Further interrogation of the fusion maps revealed extensive chained fusions (Supplemental Fig. S3). Highly duplicated and transposed reference genomic regions are notable from the pileup of genome maps aligning to these regions (Fig. 1). Chromosomes 12 and 1 are most represented, contributing 22% and 20% of all reference genome fragments found in the fusion maps, respectively (Fig. 5). Specifically, regions Chr 12: 68,713,897–69,940,974 and Chr 1: 188,188,529–189,139,998 were found in more than 10 fusion map pairs (Methods; see example in Fig. 4A). In contrast, contributions from Chromosomes 2, 8, 11, 14, 18, 19, 22, and X are notably absent. Almost all chromosomes represented in the fusion maps are impacted by translocations (Fig. 5). Of the 114 inter-chromosomal translocations, 94% involve Chromosomes 1, 12, and/or 15. Specifically, breakpoints of these translocations are largely localized to Chromosome 1: 188.6–189.2 Mb; Chr 12: 68.6–69.2 Mb; and two loci on Chr 15: 91.6–92.3 Mb and 98.2–98.7 Mb.

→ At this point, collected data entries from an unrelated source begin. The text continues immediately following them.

lemma cpsd_of_dominant_diagonal:
  fixes M :: "complex mat" and t r :: real
  assumes M: "M \<in> carrier_mat k k"
    and hermitian: "\<And>u w. u < k \<Longrightarrow> w < k \<Longrightarrow> cnj (M $$ (u,w)) = M $$ (w,u)"
    and off_diagonal: "\<And>u w. u < k \<Longrightarrow> w < k \<Longrightarrow> cmod (M $$ (u,w) - (if u = w then of_real t else 0)) \<le> r"
    and dominant: "real k * r \<le> t"
  shows "cpsd k M"
  unfolding cpsd_def
proof (intro conjI[OF M] ballI)
  fix v :: "complex vec" assume v: "v \<in> carrier_vec k"
  define q where "q u w = cnj (v$u) * M$$(u,w) * v$w" for u w
  define nv where "nv u = (cmod (v$u))\<^sup>2" for u
  have "(if u = w then t * nv u else 0) - r * (nv u + nv w) / 2 \<le> Re (q u w)" if "u < k" "w < k" for u w
  proof -
    define R where "R = M$$(u,w) - (if u = w then of_real t else 0)"
    have "q u w = cnj (v$u) * (if u = w then of_real t else 0) * v$w + cnj (v$u) * R * v$w"
      unfolding q_def R_def by (simp add: algebra_simps)
    moreover have "Re (cnj (v$u) * (if u = w then of_real t else 0) * v$w) = (if u = w then t * nv u else 0)"
      by (auto simp: nv_def cmod_power2) (simp add: algebra_simps power2_eq_square)
    moreover have "- r * (nv u + nv w) / 2 \<le> Re (cnj (v$u) * R * v$w)"
      unfolding nv_def R_def by (rule re_cnj_mult_mult_ge[OF off_diagonal[OF that]])
    ultimately show ?thesis by simp
  qed
  hence "(\<Sum>u\<in>{0..<k}. \<Sum>w\<in>{0..<k}. (if u = w then t * nv u else 0) - r * (nv u + nv w) / 2)
      \<le> Re (conjugate v \<bullet> (M *\<^sub>v v))"
    unfolding quadratic_form_as_double_sum[OF M v] Re_sum q_def[symmetric] by (intro sum_mono) auto
  moreover have "(\<Sum>u\<in>{0..<k}. \<Sum>w\<in>{0..<k}. nv u + nv w) = 2 * real k * (\<Sum>u\<in>{0..<k}. nv u)"
    by (simp add: sum.distrib sum_distrib_left mult.assoc)
  moreover have "(\<Sum>u\<in>{0..<k}. \<Sum>w\<in>{0..<k}. (if u = w then t * nv u else 0) - r * (nv u + nv w) / 2)
      = t * (\<Sum>u\<in>{0..<k}. nv u) - r / 2 * (\<Sum>u\<in>{0..<k}. \<Sum>w\<in>{0..<k}. nv u + nv w)"
    by (simp add: sum_subtractf sum_distrib_left sum_divide_distrib)
  moreover have "0 \<le> (t - real k * r) * (\<Sum>u\<in>{0..<k}. nv u)"
    using dominant by (intro mult_nonneg_nonneg sum_nonneg) (auto simp: nv_def)
  ultimately show "Im (conjugate v \<bullet> (M *\<^sub>v v)) = 0 \<and> 0 \<le> Re (conjugate v \<bullet> (M *\<^sub>v v))"
    using hermitian_quadratic_form_real[OF M v hermitian] by (simp add: algebra_simps)
qed

lemma cov_mat_shifted:
  fixes E :: "real mat" and t :: real
  assumes E: "E \<in> carrier_mat (2*n) (2*n)" and E_sym: "transpose_mat E = E"
    and E_small: "\<And>u w. u < 2*n \<Longrightarrow> w < 2*n \<Longrightarrow> \<bar>E $$ (u,w)\<bar> \<le> 2"
    and t: "6 * real n \<le> t"
  shows "cov_mat n (t \<cdot>\<^sub>m 1\<^sub>m (2*n) + E)"
proof -
  let ?G = "t \<cdot>\<^sub>m 1\<^sub>m (2*n) + E" and ?J = "sympl_form n"
  let ?M = "map_mat complex_of_real ?G + \<i> \<cdot>\<^sub>m map_mat complex_of_real ?J"
  have E_swap: "E $$ (w,u) = E $$ (u,w)" if "u < 2*n" "w < 2*n" for u w
    using that E E_sym by (metis carrier_matD index_transpose_mat(1))
  have M: "?M $$ (u,w) = of_real ((if u = w then t else 0) + E $$ (u,w)) + \<i> * of_real (?J $$ (u,w))"
    if "u < 2*n" "w < 2*n" for u w
    using that E by simp
  have "cpsd (2*n) ?M"
  proof (rule cpsd_of_dominant_diagonal[where t = t and r = 3])
    show "?M \<in> carrier_mat (2*n) (2*n)" using E by simp
    show "cnj (?M $$ (u,w)) = ?M $$ (w,u)" if "u < 2*n" "w < 2*n" for u w
      unfolding M[OF that] M[OF that(2,1)] using that by (auto simp: E_swap sympl_form_index complex_eq_iff)
    show "cmod (?M $$ (u,w) - (if u = w then of_real t else 0)) \<le> 3" if "u < 2*n" "w < 2*n" for u w
    proof -
      have "?M $$ (u,w) - (if u = w then of_real t else 0) = of_real (E $$ (u,w)) + \<i> * of_real (?J $$ (u,w))"
        unfolding M[OF that] by simp
      also have "cmod \<dots> \<le> \<bar>E $$ (u,w)\<bar> + \<bar>?J $$ (u,w)\<bar>"
        using norm_triangle_ineq[of "of_real (E $$ (u,w))" "\<i> * of_real (?J $$ (u,w))"] by (simp add: norm_mult)
      also have "\<dots> \<le> 3" using E_small[OF that] that by (auto simp: sympl_form_index)
      finally show ?thesis .
    qed
    show "real (2*n) * 3 \<le> t" using t by simp
  qed
  moreover have "transpose_mat ?G = ?G" using E E_swap by (intro eq_matI) auto
  ultimately show ?thesis unfolding cov_mat_def using E by simp
qed

section \<open>The cross condition\<close>

definition sym_unit_mat :: "nat \<Rightarrow> nat \<Rightarrow> nat \<Rightarrow> real mat" where
  "sym_unit_mat N k l = mat N N (\<lambda>(u,w). of_bool (u = k \<and> w = l) + of_bool (u = l \<and> w = k))"

lemma sym_unit_mat_dim [simp]: "dim_row (sym_unit_mat N k l) = N" "dim_col (sym_unit_mat N k l) = N"
  by (simp_all add: sym_unit_mat_def)

lemma sym_unit_mat_carrier [simp]: "sym_unit_mat N k l \<in> carrier_mat N N"
  by (simp add: sym_unit_mat_def)

lemma sym_unit_mat_symmetric: "transpose_mat (sym_unit_mat N k l) = sym_unit_mat N k l"
  by (rule eq_matI) (simp_all add: sym_unit_mat_def conj_commute add.commute)

lemma sym_unit_mat_index_le: "u < N \<Longrightarrow> w < N \<Longrightarrow> \<bar>sym_unit_mat N k l $$ (u,w)\<bar> \<le> 2"
  by (simp add: sym_unit_mat_def)

lemma sym_unit_mat_sandwich:
  fixes A C :: "real mat"
  assumes A: "A \<in> carrier_mat nr N" and C: "C \<in> carrier_mat nr' N"
    and "i < nr" "j < nr'" "k < N" "l < N"
  shows "(A * sym_unit_mat N k l * transpose_mat C) $$ (i,j) = A $$ (i,k) * C $$ (j,l) + A $$ (i,l) * C $$ (j,k)"
proof -
  have AE: "(A * sym_unit_mat N k l) $$ (i,w) = of_bool (w = l) * A $$ (i,k) + of_bool (w = k) * A $$ (i,l)"
    if "w < N" for w
    using A assms(3-6) that by (simp add: sym_unit_mat_def scalar_prod_def sum.distrib algebra_simps)
  have "(A * sym_unit_mat N k l * transpose_mat C) $$ (i,j) = (\<Sum>w\<in>{0..<N}. (A * sym_unit_mat N k l) $$ (i,w) * C $$ (j,w))"
    using A C assms(3-6) by (auto simp: scalar_prod_def mult.commute intro!: sum.cong)
  also have "\<dots> = (\<Sum>w\<in>{0..<N}. of_bool (w = l) * (A $$ (i,k) * C $$ (j,w)) + of_bool (w = k) * (A $$ (i,l) * C $$ (j,w)))"
    by (intro sum.cong) (simp_all add: AE algebra_simps)
  also have "\<dots> = A $$ (i,k) * C $$ (j,l) + A $$ (i,l) * C $$ (j,k)"
    using assms(5,6) by (simp add: sum.distrib)
  finally show ?thesis .
qed

lemma sandwich_add_index:
  fixes X Y G H :: "'a::comm_ring mat"
  assumes "X \<in> carrier_mat nr N" "Y \<in> carrier_mat nr' N" "G \<in> carrier_mat N N" "H \<in> carrier_mat N N"
    and "i < nr" "j < nr'"
  shows "(X * (G + H) * transpose_mat Y) $$ (i,j) = (X * G * transpose_mat Y) $$ (i,j) + (X * H * transpose_mat Y) $$ (i,j)"
  using assms by (simp add: mult_add_distrib_mat[of _ nr N] add_mult_distrib_mat[of _ nr N])

lemma off_diagonal_block_vanishes:
  fixes A B C D :: "real mat"
  assumes carrier: "A \<in> carrier_mat (2*n) (2*n)" "B \<in> carrier_mat (2*n) (2*n)" "C \<in> carrier_mat (2*n) (2*n)" "D \<in> carrier_mat (2*n) (2*n)"
    and preserves: "\<forall>G. cov_mat n G \<longrightarrow>
           (let M = four_block_mat A B C D * four_block_mat G (0\<^sub>m (2*n) (2*n)) (0\<^sub>m (2*n) (2*n)) G * transpose_mat (four_block_mat A B C D)
            in \<forall>i j. i < 2*n \<and> 2*n \<le> j \<and> j < 4*n \<longrightarrow> M $$ (i,j) = 0 \<and> M $$ (j,i) = 0)"
    and G: "cov_mat n G"
  shows "A * G * transpose_mat C + B * G * transpose_mat D = 0\<^sub>m (2*n) (2*n)"
proof (rule eq_matI)
  fix i j assume "i < dim_row (0\<^sub>m (2*n) (2*n) :: real mat)" "j < dim_col (0\<^sub>m (2*n) (2*n) :: real mat)"
  hence i: "i < 2*n" and j: "j < 2*n" by auto
  have "G \<in> carrier_mat (2*n) (2*n)" using G unfolding cov_mat_def by simp
  from preserves[rule_format, OF G, unfolded Let_def four_block_congruence[OF carrier this this], rule_format, of i "j + 2*n"]
  show "(A * G * transpose_mat C + B * G * transpose_mat D) $$ (i,j) = 0\<^sub>m (2*n) (2*n) $$ (i,j)"
    using carrier i j \<open>G \<in> carrier_mat (2*n) (2*n)\<close> by simp
qed (use carrier in auto)
(* Let $k\ge r\ge 3$ and $t\ge 0$ be integers and let $\pi\in\mathbb{C}(k,r)$ be a partition in which both $2t+1$ and $2t+2$ occur as parts. Then every part equal to $2t+2$ has a mark in $GG(\pi)$ strictly greater than the mark of the part $2t+1$ in $GG(\pi)$.
   Context: A partition $\pi=(\pi_1,\dots,\pi_\ell)$ is a finite non-increasing sequence of positive integers. Göllnitz–Gordon marking: $GG(\pi)$ assigns a positive integer (mark) to each part, processing the parts from smallest to largest ($\pi_\ell,\dots,\pi_1$); $\pi_i$ receives the smallest positive integer different from the marks of all parts $\pi_g$ with $g>i$ and $\pi_i-\pi_g\le 2$, where $\pi_i-\pi_g<2$ is required when $\pi_i$ is odd. $\mathbb{C}(k,r)$: the set of partitions $\pi$ such that (i) no odd part is repeated; (ii) $\pi_i\ge\pi_{i+k-1}+2$ for $1\le i\le\ell-k+1$, with strict inequality if $\pi_i$ is even; (iii) at most $r-1$ parts are $\le 2$. (In particular $2t+1$ occurs at most once, so its mark is well defined.) *)

theory Defs
  imports Main
begin

text \<open>Partitions are lists of positive naturals in non-increasing order;
  list index 0 corresponds to the largest part pi_1.\<close>

definition is_partition :: "nat list \<Rightarrow> bool" where
  "is_partition p \<longleftrightarrow> sorted_wrt (\<ge>) p \<and> (\<forall>x\<in>set p. 0 < x)"

text \<open>Goellnitz-Gordon marking. gg_marks p is the list of marks, aligned with p.
  Marks are computed from the smallest part (end of list) to the largest.\<close>

fun gg_marks :: "nat list \<Rightarrow> nat list" where
  "gg_marks [] = []"
| "gg_marks (x # xs) =
     (let ms = gg_marks xs;
          forb = {ms ! j | j. j < length xs \<and> int x - int (xs ! j) \<le> 2
                               \<and> (odd x \<longrightarrow> int x - int (xs ! j) < 2)}
      in (LEAST m. 0 < m \<and> m \<notin> forb) # ms)"

definition in_C :: "nat \<Rightarrow> nat \<Rightarrow> nat list \<Rightarrow> bool" where
  "in_C k r p \<longleftrightarrow> is_partition p
     \<and> (\<forall>i j. i < j \<and> j < length p \<and> p ! i = p ! j \<longrightarrow> even (p ! i))
     \<and> (\<forall>i. i + k - 1 < length p \<longrightarrow>
            p ! i \<ge> p ! (i + k - 1) + 2 \<and> (even (p ! i) \<longrightarrow> p ! i > p ! (i + k - 1) + 2))
     \<and> card {i. i < length p \<and> p ! i \<le> 2} \<le> r - 1"

end

theory Submission
  imports Defs
begin

text \<open>Parts are listed in non-increasing order, so every part 2t+2 precedes every part
  2t+1, and the marks it must avoid include all marks that part 2t+1 must avoid (those of
  later parts 2t and 2t+1) as well as the mark of that part 2t+1 itself. Its least admissible
  positive mark is therefore larger.\<close>

definition gg_forbidden :: "nat list \<Rightarrow> nat \<Rightarrow> nat set" where
  "gg_forbidden p i = (\<lambda>l. gg_marks p ! l) ` {l. i < l \<and> l < length p
      \<and> int (p ! i) - int (p ! l) \<le> 2 \<and> (odd (p ! i) \<longrightarrow> int (p ! i) - int (p ! l) < 2)}"

lemma length_gg_marks [simp]: "length (gg_marks p) = length p"
  by (induction p) (simp_all add: Let_def)

lemma gg_marks_Cons_nth_Suc [simp]: "gg_marks (x # xs) ! Suc j = gg_marks xs ! j"
  by (simp add: Let_def)

lemma gg_forbidden_Cons_Suc: "gg_forbidden (x # xs) (Suc i) = gg_forbidden xs i"
proof -
  have shift: "{l. Suc i < l \<and> l < length (x # xs) \<and> Q l} =
      Suc ` {l. i < l \<and> l < length xs \<and> Q (Suc l)}" for Q
    by (auto simp: image_iff Suc_less_eq2)
  show ?thesis
    unfolding gg_forbidden_def by (subst shift) (simp add: image_image del: gg_marks.simps)
qed

lemma gg_forbidden_Cons_0:
  "gg_forbidden (x # xs) 0 = {gg_marks xs ! j | j. j < length xs
      \<and> int x - int (xs ! j) \<le> 2 \<and> (odd x \<longrightarrow> int x - int (xs ! j) < 2)}"
proof -
  have shift: "{l. 0 < l \<and> l < length (x # xs) \<and> Q l} = Suc ` {l. l < length xs \<and> Q (Suc l)}"
    for Q
    by (auto simp: image_iff gr0_conv_Suc)
  show ?thesis
    unfolding gg_forbidden_def by (subst shift) (auto simp: image_image simp del: gg_marks.simps)
qed

lemma gg_marks_nth:
  "i < length p \<Longrightarrow> gg_marks p ! i = (LEAST m. 0 < m \<and> m \<notin> gg_forbidden p i)"
proof (induction p arbitrary: i)
  case Nil
  then show ?case by simp
next
  case (Cons x xs)
  show ?case
  proof (cases i)
    case 0
    then show ?thesis
      by (simp only: gg_marks.simps Let_def nth_Cons_0 gg_forbidden_Cons_0)
  next
    case (Suc j)
    with Cons show ?thesis
      by (simp add: gg_forbidden_Cons_Suc del: gg_marks.simps)
  qed
qed

lemma finite_gg_forbidden: "finite (gg_forbidden p i)"
  unfolding gg_forbidden_def by simp

lemma Least_pos_notin_less:
  fixes A B :: "nat set"
  assumes "finite B" and "insert (LEAST m. 0 < m \<and> m \<notin> A) A \<subseteq> B"
  shows "(LEAST m. 0 < m \<and> m \<notin> A) < (LEAST m. 0 < m \<and> m \<notin> B)"
proof -
  define a where "a = (LEAST m. 0 < m \<and> m \<notin> A)"
  define b where "b = (LEAST m. 0 < m \<and> m \<notin> B)"
  obtain c :: nat where "c \<notin> insert 0 B"
    using assms(1) ex_new_if_finite infinite_UNIV_nat by blast
  then have "0 < c \<and> c \<notin> B"
    by simp
  then have "0 < b \<and> b \<notin> B"
    unfolding b_def by (rule LeastI)
  with assms(2) have "0 < b \<and> b \<notin> A" and "b \<noteq> a"
    unfolding a_def by auto
  moreover from this have "a \<le> b"
    unfolding a_def by (blast intro: Least_le)
  ultimately show ?thesis
    unfolding a_def[symmetric] b_def[symmetric] by simp
qed

lemma gg_forbidden_odd_subset_Suc:
  assumes sorted: "sorted_wrt (\<ge>) p"
    and "i < length p" "j < length p" "odd (p ! j)" "p ! i = Suc (p ! j)"
  shows "insert (gg_marks p ! j) (gg_forbidden p j) \<subseteq> gg_forbidden p i"
proof -
  have le_nth: "p ! b \<le> p ! a" if "a \<le> b" "b < length p" for a b
    using sorted that by (cases "a = b") (simp_all add: sorted_wrt_iff_nth_less)
  have "i < j"
    using le_nth[of j i] assms(2-5) by linarith
  have mem: "gg_marks p ! l \<in> gg_forbidden p i"
    if "j \<le> l" "l < length p" "p ! j \<le> Suc (p ! l)" for l
  proof -
    have "p ! l \<le> p ! j"
      using le_nth that by blast
    then have "int (p ! i) - int (p ! l) \<le> 2" and "even (p ! i)"
      using that(3) assms(4,5) by simp_all
    then show ?thesis
      unfolding gg_forbidden_def using \<open>i < j\<close> that(1,2) by auto
  qed
  have "gg_forbidden p j \<subseteq> gg_forbidden p i"
    unfolding gg_forbidden_def[of p j] using assms(4) by (force intro: mem)
  with mem[of j] assms(3) show ?thesis
    by simp
qed

lemma gg_marks_odd_less_Suc:
  assumes "sorted_wrt (\<ge>) p"
    and "i < length p" "j < length p" "odd (p ! j)" "p ! i = Suc (p ! j)"
  shows "gg_marks p ! j < gg_marks p ! i"
proof -
  have "insert (gg_marks p ! j) (gg_forbidden p j) \<subseteq> gg_forbidden p i"
    using assms by (rule gg_forbidden_odd_subset_Suc)
  then show ?thesis
    using Least_pos_notin_less[OF finite_gg_forbidden] by (simp add: gg_marks_nth assms(2,3))
qed

theorem lemma2p10:
  fixes k r t :: nat and p :: "nat list"
  assumes "k \<ge> r" and "r \<ge> 3"
    and "in_C k r p"
    and "2 * t + 1 \<in> set p" and "2 * t + 2 \<in> set p"
  shows "\<forall>i j. i < length p \<and> j < length p \<and> p ! i = 2 * t + 2 \<and> p ! j = 2 * t + 1
           \<longrightarrow> gg_marks p ! i > gg_marks p ! j"
proof (intro allI impI, elim conjE)
  fix i j
  assume "i < length p" "j < length p" "p ! i = 2 * t + 2" "p ! j = 2 * t + 1"
  moreover have "sorted_wrt (\<ge>) p"
    using assms(3) unfolding in_C_def is_partition_def by blast
  ultimately show "gg_marks p ! i > gg_marks p ! j"
    by (intro gg_marks_odd_less_Suc) simp_all
qed

end
lemma hom_poly_deriv_eq_0:
  assumes "d < m + n"
  shows "hom_poly_deriv d a m n p = 0"
  unfolding hom_poly_deriv_def
proof (rule sum.neutral, intro ballI)
  fix k assume "k \<in> {..d}"
  with assms have "k < m \<or> d - k < n" by auto
  then show "a k * pow_deriv m k (fst p) * pow_deriv n (d - k) (snd p) = 0"
    by (auto simp: pow_deriv_eq_0)
qed

lemma hom_poly_deriv_euler:
  "fst p * hom_poly_deriv d a (Suc m) n p + snd p * hom_poly_deriv d a m (Suc n) p
    = (of_nat d - of_nat m - of_nat n) * hom_poly_deriv d a m n p"
proof -
  have "fst p * (a k * pow_deriv (Suc m) k (fst p) * pow_deriv n (d - k) (snd p))
      + snd p * (a k * pow_deriv m k (fst p) * pow_deriv (Suc n) (d - k) (snd p))
      = (of_nat d - of_nat m - of_nat n) * (a k * pow_deriv m k (fst p) * pow_deriv n (d - k) (snd p))"
    if "k \<le> d" for k
  proof (cases "m \<le> k \<and> n \<le> d - k")
    case True
    then have exponents: "of_nat (k - m) + of_nat (d - k - n) = (of_nat d - of_nat m - of_nat n :: complex)"
      using that by (simp add: of_nat_diff le_diff_conv2)
    have "fst p * (a k * pow_deriv (Suc m) k (fst p) * pow_deriv n (d - k) (snd p))
      + snd p * (a k * pow_deriv m k (fst p) * pow_deriv (Suc n) (d - k) (snd p))
      = a k * (fst p * pow_deriv (Suc m) k (fst p)) * pow_deriv n (d - k) (snd p)
      + a k * pow_deriv m k (fst p) * (snd p * pow_deriv (Suc n) (d - k) (snd p))"
      by (simp only: mult_ac)
    also have "\<dots> = (of_nat (k - m) + of_nat (d - k - n))
        * (a k * pow_deriv m k (fst p) * pow_deriv n (d - k) (snd p))"
      by (simp only: pow_deriv_euler) (simp add: algebra_simps)
    finally show ?thesis
      by (simp only: exponents)
  qed (auto simp: pow_deriv_eq_0 not_le)
  then show ?thesis
    unfolding hom_poly_deriv_def by (simp add: sum_distrib_left flip: sum.distrib)
qed

lemma ginv_scale:
  assumes "c \<noteq> 0"
  shows "ginv (\<lambda>i j q. c * M i j q) l m q = ginv M l m q / c"
proof -
  have "mdet (\<lambda>i j q. c * M i j q) q = c * (c * mdet M q)"
    by (simp add: mdet_def algebra_simps)
  then show ?thesis
    using assms by (simp add: ginv_def)
qed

For intra-chromosomal translocations, nearly 70% involve Chromosomes 12 and 1, with breakpoints localized to Chr 12: 68.6–69.2 Mb; Chr 12: 94.8–95.3; and Chr 1: 172.3–172.9 Mb (Supplemental Fig. S6).
An inversion is typically signified by two breakpoints in the reference genome and two fusion junctions in the rearranged genome map (Fig. 6A). In one of the inversions, however, only one fusion junction was captured; thus, we can only speculate on their size. In contrast, both fusion junctions of an inversion at Chr 16: 70,195,951–74,372,427 are captured by two haplomap pairs, allowing the 4-Mb inversion to be fully defined (Fig. 6B). The remaining inversion is found on a genome map containing an inverted duplication of a series of fusion events (map #31661) (Fig. 4C), suggesting the duplication occurred after the chained fusion. Manual examination of the molecules making up the consensus genome map confirmed assembly artifact is unlikely (Fig. 4D).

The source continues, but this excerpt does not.